- Task details -
Please report every line of the listing below that has the word "definition" in it.

┌────────

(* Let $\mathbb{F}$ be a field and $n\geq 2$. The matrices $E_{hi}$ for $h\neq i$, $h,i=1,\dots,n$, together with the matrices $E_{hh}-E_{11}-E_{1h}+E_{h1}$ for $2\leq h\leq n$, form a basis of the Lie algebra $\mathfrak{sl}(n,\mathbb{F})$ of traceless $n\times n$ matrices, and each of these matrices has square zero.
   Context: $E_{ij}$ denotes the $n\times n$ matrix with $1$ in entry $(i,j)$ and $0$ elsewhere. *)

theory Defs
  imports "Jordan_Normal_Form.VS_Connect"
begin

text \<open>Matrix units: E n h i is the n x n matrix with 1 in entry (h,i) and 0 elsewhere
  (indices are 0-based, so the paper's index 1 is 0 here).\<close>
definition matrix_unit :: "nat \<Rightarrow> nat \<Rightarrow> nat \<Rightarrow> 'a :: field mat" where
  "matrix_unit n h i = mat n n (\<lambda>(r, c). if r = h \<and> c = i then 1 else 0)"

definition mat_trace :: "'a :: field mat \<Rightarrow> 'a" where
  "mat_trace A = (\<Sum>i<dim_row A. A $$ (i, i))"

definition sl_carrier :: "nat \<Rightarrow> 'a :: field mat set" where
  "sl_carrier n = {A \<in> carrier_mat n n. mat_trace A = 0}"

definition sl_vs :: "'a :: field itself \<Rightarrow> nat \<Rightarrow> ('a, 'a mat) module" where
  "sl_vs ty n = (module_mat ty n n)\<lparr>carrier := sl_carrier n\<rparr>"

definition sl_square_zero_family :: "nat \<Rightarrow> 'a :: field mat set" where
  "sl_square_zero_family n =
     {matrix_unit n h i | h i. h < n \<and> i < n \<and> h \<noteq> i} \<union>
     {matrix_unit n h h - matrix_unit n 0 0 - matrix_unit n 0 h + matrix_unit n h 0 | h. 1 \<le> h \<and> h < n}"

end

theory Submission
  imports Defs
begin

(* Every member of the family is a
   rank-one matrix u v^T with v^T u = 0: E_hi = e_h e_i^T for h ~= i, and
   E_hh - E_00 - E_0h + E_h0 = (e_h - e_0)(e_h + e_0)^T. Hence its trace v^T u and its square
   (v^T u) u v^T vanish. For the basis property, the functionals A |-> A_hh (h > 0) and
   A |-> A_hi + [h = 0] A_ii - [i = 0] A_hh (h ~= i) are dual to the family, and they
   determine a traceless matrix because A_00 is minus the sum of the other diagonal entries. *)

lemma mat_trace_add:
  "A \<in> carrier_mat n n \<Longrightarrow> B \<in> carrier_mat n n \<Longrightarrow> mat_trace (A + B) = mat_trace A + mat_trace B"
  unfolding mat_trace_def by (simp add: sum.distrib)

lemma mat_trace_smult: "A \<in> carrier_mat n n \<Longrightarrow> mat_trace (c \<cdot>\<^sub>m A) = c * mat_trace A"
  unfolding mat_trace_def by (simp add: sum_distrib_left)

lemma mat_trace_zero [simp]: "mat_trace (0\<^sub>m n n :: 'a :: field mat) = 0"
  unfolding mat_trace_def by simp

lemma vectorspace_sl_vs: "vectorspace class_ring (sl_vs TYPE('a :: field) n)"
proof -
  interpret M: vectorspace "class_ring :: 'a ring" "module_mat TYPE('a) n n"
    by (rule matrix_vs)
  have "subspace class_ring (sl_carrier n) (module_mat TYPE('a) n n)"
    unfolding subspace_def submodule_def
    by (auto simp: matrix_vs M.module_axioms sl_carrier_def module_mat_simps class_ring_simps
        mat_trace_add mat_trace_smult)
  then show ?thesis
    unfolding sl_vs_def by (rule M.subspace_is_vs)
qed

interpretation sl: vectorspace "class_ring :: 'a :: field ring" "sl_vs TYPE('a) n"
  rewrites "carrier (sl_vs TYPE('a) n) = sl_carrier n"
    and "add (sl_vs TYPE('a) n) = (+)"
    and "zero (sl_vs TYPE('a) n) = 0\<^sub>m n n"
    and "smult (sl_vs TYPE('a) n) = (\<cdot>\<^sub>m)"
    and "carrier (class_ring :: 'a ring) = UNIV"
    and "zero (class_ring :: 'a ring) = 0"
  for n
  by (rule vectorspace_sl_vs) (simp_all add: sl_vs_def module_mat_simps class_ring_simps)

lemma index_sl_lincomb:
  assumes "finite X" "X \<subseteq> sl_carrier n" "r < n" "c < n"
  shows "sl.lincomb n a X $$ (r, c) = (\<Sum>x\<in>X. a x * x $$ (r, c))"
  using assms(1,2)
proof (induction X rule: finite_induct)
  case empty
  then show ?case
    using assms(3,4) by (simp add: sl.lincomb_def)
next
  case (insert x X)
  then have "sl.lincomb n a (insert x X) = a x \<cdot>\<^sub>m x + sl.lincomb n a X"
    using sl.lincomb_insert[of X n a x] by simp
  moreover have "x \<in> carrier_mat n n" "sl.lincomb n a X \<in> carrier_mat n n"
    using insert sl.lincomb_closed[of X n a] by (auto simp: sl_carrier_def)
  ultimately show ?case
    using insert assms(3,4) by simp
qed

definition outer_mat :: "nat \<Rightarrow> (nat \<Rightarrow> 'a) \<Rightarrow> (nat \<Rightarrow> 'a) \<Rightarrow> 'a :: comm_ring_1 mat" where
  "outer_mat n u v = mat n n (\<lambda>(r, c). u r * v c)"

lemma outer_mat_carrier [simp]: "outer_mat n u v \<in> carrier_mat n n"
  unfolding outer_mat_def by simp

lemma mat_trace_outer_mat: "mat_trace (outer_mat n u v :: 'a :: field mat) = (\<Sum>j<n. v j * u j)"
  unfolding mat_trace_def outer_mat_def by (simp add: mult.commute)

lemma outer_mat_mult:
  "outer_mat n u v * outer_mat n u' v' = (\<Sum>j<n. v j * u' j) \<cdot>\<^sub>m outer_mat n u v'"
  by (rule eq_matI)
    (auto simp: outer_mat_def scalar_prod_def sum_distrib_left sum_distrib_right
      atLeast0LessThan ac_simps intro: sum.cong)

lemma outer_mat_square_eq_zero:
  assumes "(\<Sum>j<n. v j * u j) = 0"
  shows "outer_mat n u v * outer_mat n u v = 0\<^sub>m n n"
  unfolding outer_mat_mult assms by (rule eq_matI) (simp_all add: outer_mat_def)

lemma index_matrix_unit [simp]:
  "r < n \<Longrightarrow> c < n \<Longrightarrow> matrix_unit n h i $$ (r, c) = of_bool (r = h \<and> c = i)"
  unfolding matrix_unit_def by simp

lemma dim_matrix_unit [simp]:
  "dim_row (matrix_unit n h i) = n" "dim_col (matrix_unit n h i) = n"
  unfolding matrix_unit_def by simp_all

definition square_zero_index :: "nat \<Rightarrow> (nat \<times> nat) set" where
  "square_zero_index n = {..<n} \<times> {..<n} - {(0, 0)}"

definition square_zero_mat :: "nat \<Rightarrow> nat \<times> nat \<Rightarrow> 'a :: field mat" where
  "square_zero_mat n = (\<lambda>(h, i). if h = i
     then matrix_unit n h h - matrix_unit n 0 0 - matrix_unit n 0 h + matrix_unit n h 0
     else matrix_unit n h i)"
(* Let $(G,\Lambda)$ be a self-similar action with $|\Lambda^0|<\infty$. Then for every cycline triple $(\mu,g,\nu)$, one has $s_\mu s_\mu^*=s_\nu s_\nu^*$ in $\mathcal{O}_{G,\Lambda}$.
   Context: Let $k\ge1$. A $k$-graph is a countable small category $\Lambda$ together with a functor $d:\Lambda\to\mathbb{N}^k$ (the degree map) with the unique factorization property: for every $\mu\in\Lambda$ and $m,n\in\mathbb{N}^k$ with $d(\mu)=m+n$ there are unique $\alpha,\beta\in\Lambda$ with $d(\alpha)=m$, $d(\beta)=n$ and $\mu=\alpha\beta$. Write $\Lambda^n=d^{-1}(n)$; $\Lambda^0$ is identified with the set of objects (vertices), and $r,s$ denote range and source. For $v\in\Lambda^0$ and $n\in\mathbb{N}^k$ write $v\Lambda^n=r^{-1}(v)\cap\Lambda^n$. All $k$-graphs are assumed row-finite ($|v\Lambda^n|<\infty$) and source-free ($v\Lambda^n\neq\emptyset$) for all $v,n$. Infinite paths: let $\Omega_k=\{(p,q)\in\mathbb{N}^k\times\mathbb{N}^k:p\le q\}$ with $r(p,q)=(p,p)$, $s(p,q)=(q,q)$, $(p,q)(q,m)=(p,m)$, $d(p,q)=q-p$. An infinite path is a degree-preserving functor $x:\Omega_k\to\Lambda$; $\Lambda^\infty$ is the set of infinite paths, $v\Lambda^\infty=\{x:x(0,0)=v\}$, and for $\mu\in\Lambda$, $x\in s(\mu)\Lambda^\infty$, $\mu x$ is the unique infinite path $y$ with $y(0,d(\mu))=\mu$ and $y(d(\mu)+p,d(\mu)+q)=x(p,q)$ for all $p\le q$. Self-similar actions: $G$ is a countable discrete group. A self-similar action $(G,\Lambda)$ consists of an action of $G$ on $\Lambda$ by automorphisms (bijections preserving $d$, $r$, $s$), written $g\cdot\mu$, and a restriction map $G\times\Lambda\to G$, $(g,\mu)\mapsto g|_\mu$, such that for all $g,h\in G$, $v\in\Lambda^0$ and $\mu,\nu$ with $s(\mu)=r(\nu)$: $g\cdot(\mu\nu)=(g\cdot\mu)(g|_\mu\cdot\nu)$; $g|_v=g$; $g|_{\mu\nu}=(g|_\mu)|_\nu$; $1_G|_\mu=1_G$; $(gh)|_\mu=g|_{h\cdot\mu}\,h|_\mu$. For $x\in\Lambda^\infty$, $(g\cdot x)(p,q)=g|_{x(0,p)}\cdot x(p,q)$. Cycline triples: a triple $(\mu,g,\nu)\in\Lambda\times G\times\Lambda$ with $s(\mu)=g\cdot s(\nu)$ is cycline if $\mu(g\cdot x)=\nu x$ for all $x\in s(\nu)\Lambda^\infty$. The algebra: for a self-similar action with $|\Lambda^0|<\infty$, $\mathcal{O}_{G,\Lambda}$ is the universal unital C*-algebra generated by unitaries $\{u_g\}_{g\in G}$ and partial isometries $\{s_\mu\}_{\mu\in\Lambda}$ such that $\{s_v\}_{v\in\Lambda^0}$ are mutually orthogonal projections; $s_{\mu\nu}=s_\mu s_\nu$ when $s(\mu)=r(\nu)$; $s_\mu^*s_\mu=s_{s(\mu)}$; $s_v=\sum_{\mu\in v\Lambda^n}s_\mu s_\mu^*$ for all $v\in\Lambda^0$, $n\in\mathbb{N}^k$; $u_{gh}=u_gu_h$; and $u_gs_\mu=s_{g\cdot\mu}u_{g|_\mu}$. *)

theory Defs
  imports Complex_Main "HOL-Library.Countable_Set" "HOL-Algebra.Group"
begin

└────────

- Exercise output -
definition matrix_unit :: "nat \<Rightarrow> nat \<Rightarrow> nat \<Rightarrow> 'a :: field mat" where
definition mat_trace :: "'a :: field mat \<Rightarrow> 'a" where
definition sl_carrier :: "nat \<Rightarrow> 'a :: field mat set" where
definition sl_vs :: "'a :: field itself \<Rightarrow> nat \<Rightarrow> ('a, 'a mat) module" where
definition sl_square_zero_family :: "nat \<Rightarrow> 'a :: field mat set" where
definition outer_mat :: "nat \<Rightarrow> (nat \<Rightarrow> 'a) \<Rightarrow> (nat \<Rightarrow> 'a) \<Rightarrow> 'a :: comm_ring_1 mat" where
definition square_zero_index :: "nat \<Rightarrow> (nat \<times> nat) set" where
definition square_zero_mat :: "nat \<Rightarrow> nat \<times> nat \<Rightarrow> 'a :: field mat" where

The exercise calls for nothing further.